Mr Hipkins said that he would like to keep politics out of Waitangi Day and claimed that the Labour government had done so over the years.

“I would like the Waitangi Day to be more of a commemoration and celebration. I have been attending the celebrations for the past 15 years and it has been a positive experience. As Prime Minister, I will try and preserve a sense of unity and common purpose. As we have seen in the past, it is easy to create division in race relations,” he said.

He said that governments have tried to avoid this (tendency); those who are trying to get into government unfortunately do.

Mr Hipkins said that many New Zealanders were scared to talk about the Treaty and New Zealand’s history and that the country needed honest discussions and relations.

National Party MP Dr Shane Reti speaking at the Waitangi Dawn Service (RNZ Photo by Nathan McKinnon)

 

 

 

 

 

 

 

 

 

 

 

Guaranteeing freedom of speech

“We have to create safe spaces for people to say what they think. I think that we get into dangerous territory when people stop saying what they think because they are worried about the perpetuating misunderstanding. When you create a healthy environment, people can say what they think and other people can challenge that, and people do not have to feel offended or confronted by opinions,” he said.

Stating that the signing of Te Tiriti o Waitangi was a bold vision, Hipkins said that it aimed to establish the ability to live here together and prosper without conflict.

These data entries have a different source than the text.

lemma sums_v_finite:
  assumes "\<And>n. M \<le> n \<Longrightarrow> f n = 0"
  shows "sums_v av f (\<Sum>n<M. f n)"
proof -
  have "(\<Sum>n<N. f n) = (\<Sum>n<M. f n)" if "M \<le> N" for N
    by (rule sum.mono_neutral_right) (use that assms in auto)
  then show ?thesis
    unfolding sums_v_def lim_v_def by (metis av_0 diff_self)
qed

lemma sums_v_dist_le:
  assumes "sums_v av f s" "sums_v av g t" "\<And>n. av (f n - g n) \<le> e"
  shows "av (s - t) \<le> e"
proof (rule ccontr)
  assume "\<not> av (s - t) \<le> e"
  moreover have "0 \<le> e"
    using av_nonneg[of "f 0 - g 0"] assms(3)[of 0] by linarith
  ultimately have e: "e < av (s - t)" "0 < av (s - t)"
    by linarith+
  obtain N N' where
    "\<forall>n\<ge>N. av ((\<Sum>k<n. f k) - s) < av (s - t)" "\<forall>n\<ge>N'. av ((\<Sum>k<n. g k) - t) < av (s - t)"
    using assms(1,2) e(2) unfolding sums_v_def lim_v_def by blast
  moreover define n where "n = max N N'"
  ultimately have "av (s - (\<Sum>k<n. f k)) < av (s - t)" "av ((\<Sum>k<n. g k) - t) < av (s - t)"
    by (simp_all add: av_minus_commute)
  moreover have "av ((\<Sum>k<n. f k) - (\<Sum>k<n. g k)) \<le> e"
    unfolding sum_subtractf[symmetric] by (rule av_sum_le) (use assms(3) \<open>0 \<le> e\<close> in auto)
  ultimately show False
    using e av_triangle[of s t "\<Sum>k<n. f k"] av_triangle[of "\<Sum>k<n. f k" t "\<Sum>k<n. g k"] by linarith
qed

lemma funpow_fwd_diff_le:
  assumes "\<And>N. av (u N) \<le> C"
  shows "av ((fwd_diff ^^ m) u N) \<le> C"
proof (induction m arbitrary: N)
  case (Suc m)
  have "(fwd_diff ^^ Suc m) u N = (fwd_diff ^^ m) u (Suc N) - (fwd_diff ^^ m) u N"
    by (simp only: funpow.simps(2) o_apply fwd_diff_def)
  also have "av \<dots> \<le> C"
    using av_diff_le Suc.IH[of N] Suc.IH[of "Suc N"] by (meson order.trans max.boundedI)
  finally show ?case .
qed (use assms in simp)

lemma av_prod: "av (prod f S) = (\<Prod>i\<in>S. av (f i))"
  by (induction S rule: infinite_finite_induct) (simp_all add: av_mult)

lemma av_prod_diff_le:
  assumes "\<And>i. i \<in> S \<Longrightarrow> av (f i) \<le> 1 \<and> av (g i) \<le> 1 \<and> av (f i - g i) \<le> c" "0 \<le> c"
  shows "av (prod f S - prod g S) \<le> c"
  using assms
proof (induction S rule: infinite_finite_induct)
  case (insert i S)
  have "f i * prod f S - g i * prod g S = f i * (prod f S - prod g S) + (f i - g i) * prod g S"
    by (simp add: algebra_simps)
  moreover have "av (f i * (prod f S - prod g S)) \<le> 1 * c"
    unfolding av_mult using insert by (intro mult_mono) auto
  moreover have "av (prod g S) \<le> 1"
    using insert.prems by (simp add: av_prod prod_le_1)
  then have "av ((f i - g i) * prod g S) \<le> c * 1"
    unfolding av_mult using insert.prems by (intro mult_mono) auto
  ultimately show ?case
    using insert.hyps av_add_le[of "f i * (prod f S - prod g S)" "(f i - g i) * prod g S"] by simp
qed simp_all
(* Let $\mathfrak{n}^{\mathbb{Q}}$ be a finite-dimensional graded rational Lie algebra and let $m\geq 2$. Let $\tilde{\mathfrak{n}}^{\mathbb{Q}}=\mathfrak{n}^{\mathbb{Q}}\oplus\cdots\oplus\mathfrak{n}^{\mathbb{Q}}$ ($m$ copies, direct sum of Lie algebras) and $\tilde{\mathfrak{n}}^{\mathbb{R}}=\mathbb{R}\otimes_{\mathbb{Q}}\tilde{\mathfrak{n}}^{\mathbb{Q}}$. Then there exists a rational form of $\tilde{\mathfrak{n}}^{\mathbb{R}}$ which is Anosov.
   Context: A Lie algebra $\mathfrak{n}$ over a field is graded if there are subspaces $\mathfrak{n}_1,\ldots,\mathfrak{n}_k$ with $\mathfrak{n}=\mathfrak{n}_1\oplus\cdots\oplus\mathfrak{n}_k$ and $[\mathfrak{n}_i,\mathfrak{n}_j]\subseteq\mathfrak{n}_{i+j}$ (with $\mathfrak{n}_l=0$ for $l>k$). A rational form of a real Lie algebra $\mathfrak{g}$ is a rational Lie subalgebra $\mathfrak{m}\subseteq \mathfrak{g}$ such that a $\mathbb{Q}$-basis of $\mathfrak{m}$ is an $\mathbb{R}$-basis of $\mathfrak{g}$. A rational Lie algebra is Anosov if it admits an automorphism that is hyperbolic (no eigenvalue of absolute value $1$) and integer-like (characteristic polynomial with integer coefficients and determinant $\pm1$). *)

theory Defs
  imports Complex_Main "Jordan_Normal_Form.Char_Poly"
begin

text \<open>A finite-dimensional Lie algebra of
dimension d is given by structure constants c i j k (for i,j,k < d):
[e_i, e_j] = sum_k c i j k e_k.\<close>

definition vecs :: "nat \<Rightarrow> (nat \<Rightarrow> 'a::zero) set" where
  "vecs N = {x. \<forall>k\<ge>N. x k = 0}"

definition vadd :: "(nat \<Rightarrow> 'a::plus) \<Rightarrow> (nat \<Rightarrow> 'a) \<Rightarrow> nat \<Rightarrow> 'a" where
  "vadd x y = (\<lambda>k. x k + y k)"

definition smul :: "'a::times \<Rightarrow> (nat \<Rightarrow> 'a) \<Rightarrow> nat \<Rightarrow> 'a" where
  "smul a x = (\<lambda>k. a * x k)"

definition vsum :: "('i \<Rightarrow> nat \<Rightarrow> 'a::comm_monoid_add) \<Rightarrow> 'i set \<Rightarrow> nat \<Rightarrow> 'a" where
  "vsum v I = (\<lambda>k. \<Sum>i\<in>I. v i k)"

definition sc_bracket :: "nat \<Rightarrow> (nat \<Rightarrow> nat \<Rightarrow> nat \<Rightarrow> 'a::field) \<Rightarrow>
    (nat \<Rightarrow> 'a) \<Rightarrow> (nat \<Rightarrow> 'a) \<Rightarrow> nat \<Rightarrow> 'a" where
  "sc_bracket d c x y = (\<lambda>k. if k < d then (\<Sum>i<d. \<Sum>j<d. x i * y j * c i j k) else 0)"

definition lie_sc :: "nat \<Rightarrow> (nat \<Rightarrow> nat \<Rightarrow> nat \<Rightarrow> 'a::field) \<Rightarrow> bool" where
  "lie_sc d c \<longleftrightarrow>
     (\<forall>i<d. \<forall>j<d. \<forall>k<d. c i j k = - c j i k) \<and>
     (\<forall>i<d. \<forall>j<d. \<forall>k<d. \<forall>s<d.
        (\<Sum>l<d. c i j l * c l k s + c j k l * c l i s + c k i l * c l j s) = 0)"

definition subsp :: "nat \<Rightarrow> (nat \<Rightarrow> 'a::field) set \<Rightarrow> bool" where
  "subsp d V \<longleftrightarrow> V \<subseteq> vecs d \<and> (\<lambda>_. 0) \<in> V \<and>
     (\<forall>x\<in>V. \<forall>y\<in>V. vadd x y \<in> V) \<and> (\<forall>a. \<forall>x\<in>V. smul a x \<in> V)"

definition graded_sc :: "nat \<Rightarrow> (nat \<Rightarrow> nat \<Rightarrow> nat \<Rightarrow> 'a::field) \<Rightarrow> bool" where
  "graded_sc d c \<longleftrightarrow> (\<exists>(k::nat) (V :: nat \<Rightarrow> (nat \<Rightarrow> 'a) set).
     (\<forall>i\<in>{1..k}. subsp d (V i)) \<and>
     (\<forall>x\<in>vecs d. \<exists>!v. (\<forall>i. v i \<in> (if i \<in> {1..k} then V i else {\<lambda>_. 0})) \<and>
                        x = vsum v {1..k}) \<and>
     (\<forall>i\<in>{1..k}. \<forall>j\<in>{1..k}. \<forall>x\<in>V i. \<forall>y\<in>V j.
        sc_bracket d c x y \<in> (if i + j \<le> k then V (i + j) else {\<lambda>_. 0})))"
lemma inversion_measure_less: "inversion_measure B < inversion_measure A"
proof -
  let ?SB = "{w. maximal_walk B w}" and ?SA = "{w. maximal_walk A w}"
  have fin: "finite ?SB" "finite ?SA"
    using finite_maximal_walks no_closed_walk_A no_closed_walk_B finite_A finite_B by auto
  obtain x where "x \<in> R" using R_nonempty by blast
  then obtain w0 where w0: "maximal_walk B w0" "x \<in> set w0"
    using maximal_walk_through[OF no_closed_walk_B finite_B] R_darts by blast
  have le: "inversions (turn_word B w) + (if set w \<inter> R = {} then 0 else 1)
      \<le> inversions (turn_word A (map \<phi> w))" if "w \<in> ?SB" for w
    using that turn_word_map maximal_walk_ends_notin_R by (auto simp: maximal_walk_def)
  have "inversion_measure B < (\<Sum>w\<in>?SB. inversions (turn_word A (map \<phi> w)))"
    unfolding inversion_measure_def
  proof (rule sum_strict_mono_ex1[OF fin(1)])
    show "\<forall>w\<in>?SB. inversions (turn_word B w) \<le> inversions (turn_word A (map \<phi> w))"
      using le by fastforce
    show "\<exists>w\<in>?SB. inversions (turn_word B w) < inversions (turn_word A (map \<phi> w))"
      using le[of w0] w0 \<open>x \<in> R\<close> by (intro bexI[of _ w0]) (auto split: if_splits)
  qed
  also have "\<dots> = (\<Sum>w\<in>map \<phi> ` ?SB. inversions (turn_word A w))"
    by (simp add: sum.reindex[OF inj_on_map_maximal_walks] comp_def)
  also have "\<dots> \<le> inversion_measure A"
    unfolding inversion_measure_def using maximal_walk_map by (intro sum_mono2[OF fin(2)]) auto
  finally show ?thesis .
qed
theorem mainTheorem1:
  fixes II :: "'i set set" and JJ :: "'j set set"
    and L :: "'l set" and leL :: "'l \<Rightarrow> 'l \<Rightarrow> bool" and limL :: "'l set \<Rightarrow> 'l"
    and M :: "'m set" and leM :: "'m \<Rightarrow> 'm \<Rightarrow> bool" and limM :: "'m set \<Rightarrow> 'm"
    and X :: "'x set" and cX :: "'x set set \<Rightarrow> 'x \<Rightarrow> bool"
    and Y :: "'y set" and cY :: "'y set set \<Rightarrow> 'y \<Rightarrow> bool"
  assumes C: "lattice_cat_on II JJ L leL M leM X Y"
    and L: "conv_obj L leL limL" and M: "conv_obj M leM limM"
    and X: "conv_space X cX" and Y: "conv_space Y cY"
  shows
    \<comment> \<open>P and pt are well defined on objects\<close>
    "conv_obj (Pow X) (\<subseteq>) (Plim X cX)
     \<and> conv_space (pt II JJ L leL limL) (ptconv II JJ L leL limL)
     \<comment> \<open>P and pt are well defined on morphisms\<close>
     \<and> (\<forall>f \<in> conv_hom X cX Y cY.
          Pmap X Y f \<in> cconv_hom II JJ (Pow Y) (\<subseteq>) (Plim Y cY) (Pow X) (\<subseteq>) (Plim X cX))
     \<and> (\<forall>\<psi> \<in> cconv_hom II JJ L leL limL M leM limM.
          ptmap II JJ M leM limM L \<psi>
            \<in> conv_hom (pt II JJ M leM limM) (ptconv II JJ M leM limM)
                       (pt II JJ L leL limL) (ptconv II JJ L leL limL))
     \<comment> \<open>the hom-set bijection\<close>
     \<and> bij_betw (transp II JJ X cX L)
         (cconv_hom II JJ L leL limL (Pow X) (\<subseteq>) (Plim X cX))
         (conv_hom X cX (pt II JJ L leL limL) (ptconv II JJ L leL limL))
     \<comment> \<open>naturality in the Conv variable\<close>
     \<and> (\<forall>g \<in> conv_hom X cX Y cY. \<forall>\<phi> \<in> cconv_hom II JJ L leL limL (Pow Y) (\<subseteq>) (Plim Y cY).
          transp II JJ X cX L (restrict (Pmap X Y g \<circ> \<phi>) L)
            = restrict (transp II JJ Y cY L \<phi> \<circ> g) X)
     \<comment> \<open>naturality in the C^conv variable\<close>
     \<and> (\<forall>\<psi> \<in> cconv_hom II JJ L leL limL M leM limM.
        \<forall>\<phi> \<in> cconv_hom II JJ M leM limM (Pow X) (\<subseteq>) (Plim X cX).
          transp II JJ X cX L (restrict (\<phi> \<circ> \<psi>) L)
            = restrict (ptmap II JJ M leM limM L \<psi> \<circ> transp II JJ X cX M \<phi>) X)"
proof -
  have points_L: "lattice_homs II JJ L leL P1 (\<subseteq>)" and points_M: "lattice_homs II JJ M leM P1 (\<subseteq>)"
    and homs_LM: "lattice_homs II JJ L leL M leM"
    and homs_LX: "lattice_homs II JJ L leL (Pow X) (\<subseteq>)" and homs_MX: "lattice_homs II JJ M leM (Pow X) (\<subseteq>)"
    using C unfolding lattice_cat_on_def by simp_all
  have eta_comp_in_pt_M: "restrict (eta X x \<circ> \<phi>) M \<in> pt II JJ M leM limM"
    if "\<phi> \<in> cconv_hom II JJ M leM limM (Pow X) (\<subseteq>) (Plim X cX)" "x \<in> X" for \<phi> x
    using eta_comp_in_pt[OF X M that(2) that(1)] preserves_finite_infs_if_lattice_homs[OF homs_MX] that(1)
    unfolding cconv_hom_def by blast
  show ?thesis
    apply (intro conjI ballI)
    subgoal by (rule conv_obj_Pow[OF X])
    subgoal by (rule pt_conv_space[OF L points_L])
    subgoal by (rule Pmap_cconv_hom)
    subgoal by (rule ptmap_conv_hom[OF L M homs_LM points_L points_M])
    subgoal by (rule bij_betw_transp[OF X L points_L homs_LX])
    subgoal by (rule transp_Pmap_comp[OF X Y conv_hom_funcset cconv_hom_funcset])
    subgoal by (rule transp_comp_ptmap[OF X cconv_hom_funcset eta_comp_in_pt_M])
    done
qed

“The goal of the Treaty was to try to avoid the conquest and conflict that occurred during the settlement of some other countries during the mid-1800s. The history of Aotearoa shows that this attempt was somewhat limited and conquest and conflict still followed. But the Treaty recognises that it was a goal worth pursuing,” he said.

Mr Luxon said that the Crown and Maori came together 183 years ago to sign the Treaty of Waitangi: people just like us, trying to navigate their way towards a united, stable, peaceful and prosperous future believing “he iwi tahi tātou: together, we are one nation.”

People holding the ‘Honour Te Tiriti o Waitangi’ sign at Waitangi (RNZ Photo by Jane Patterson)

 

 

 

 

 

 

 

 

 

 

 

“They left us with a challenging, imperfect, but ultimately inspiring document. And in the years that followed, the promise and obligations of the Treaty were not upheld by the Crown. A part of the story of modern New Zealand has been our struggle to understand the intentions of those who signed the Treaty and decide how we should act as a result,” he said.

Mr Luxon said that throughout our history, we as New Zealanders have always had the courage to identify, to name, and to wrestle with the challenges that have confronted us.

“It is one of our greatest strengths. For all the pain that process has sometimes entailed, there is no doubt that we are a better, more open-minded, and more tolerant country because of it,” he said and praised the Treaty settlement process.

“The settlements should be full, final and last forever. I want to see settlements finalised by 2030. I think that our experience over the last 183 years should give us tremendous confidence that we can and will do well in the world. We have one of the oldest, longest-serving democracies. We have taken the best from both worlds to actually build and fashion a country here that we’re incredibly proud about,” he said.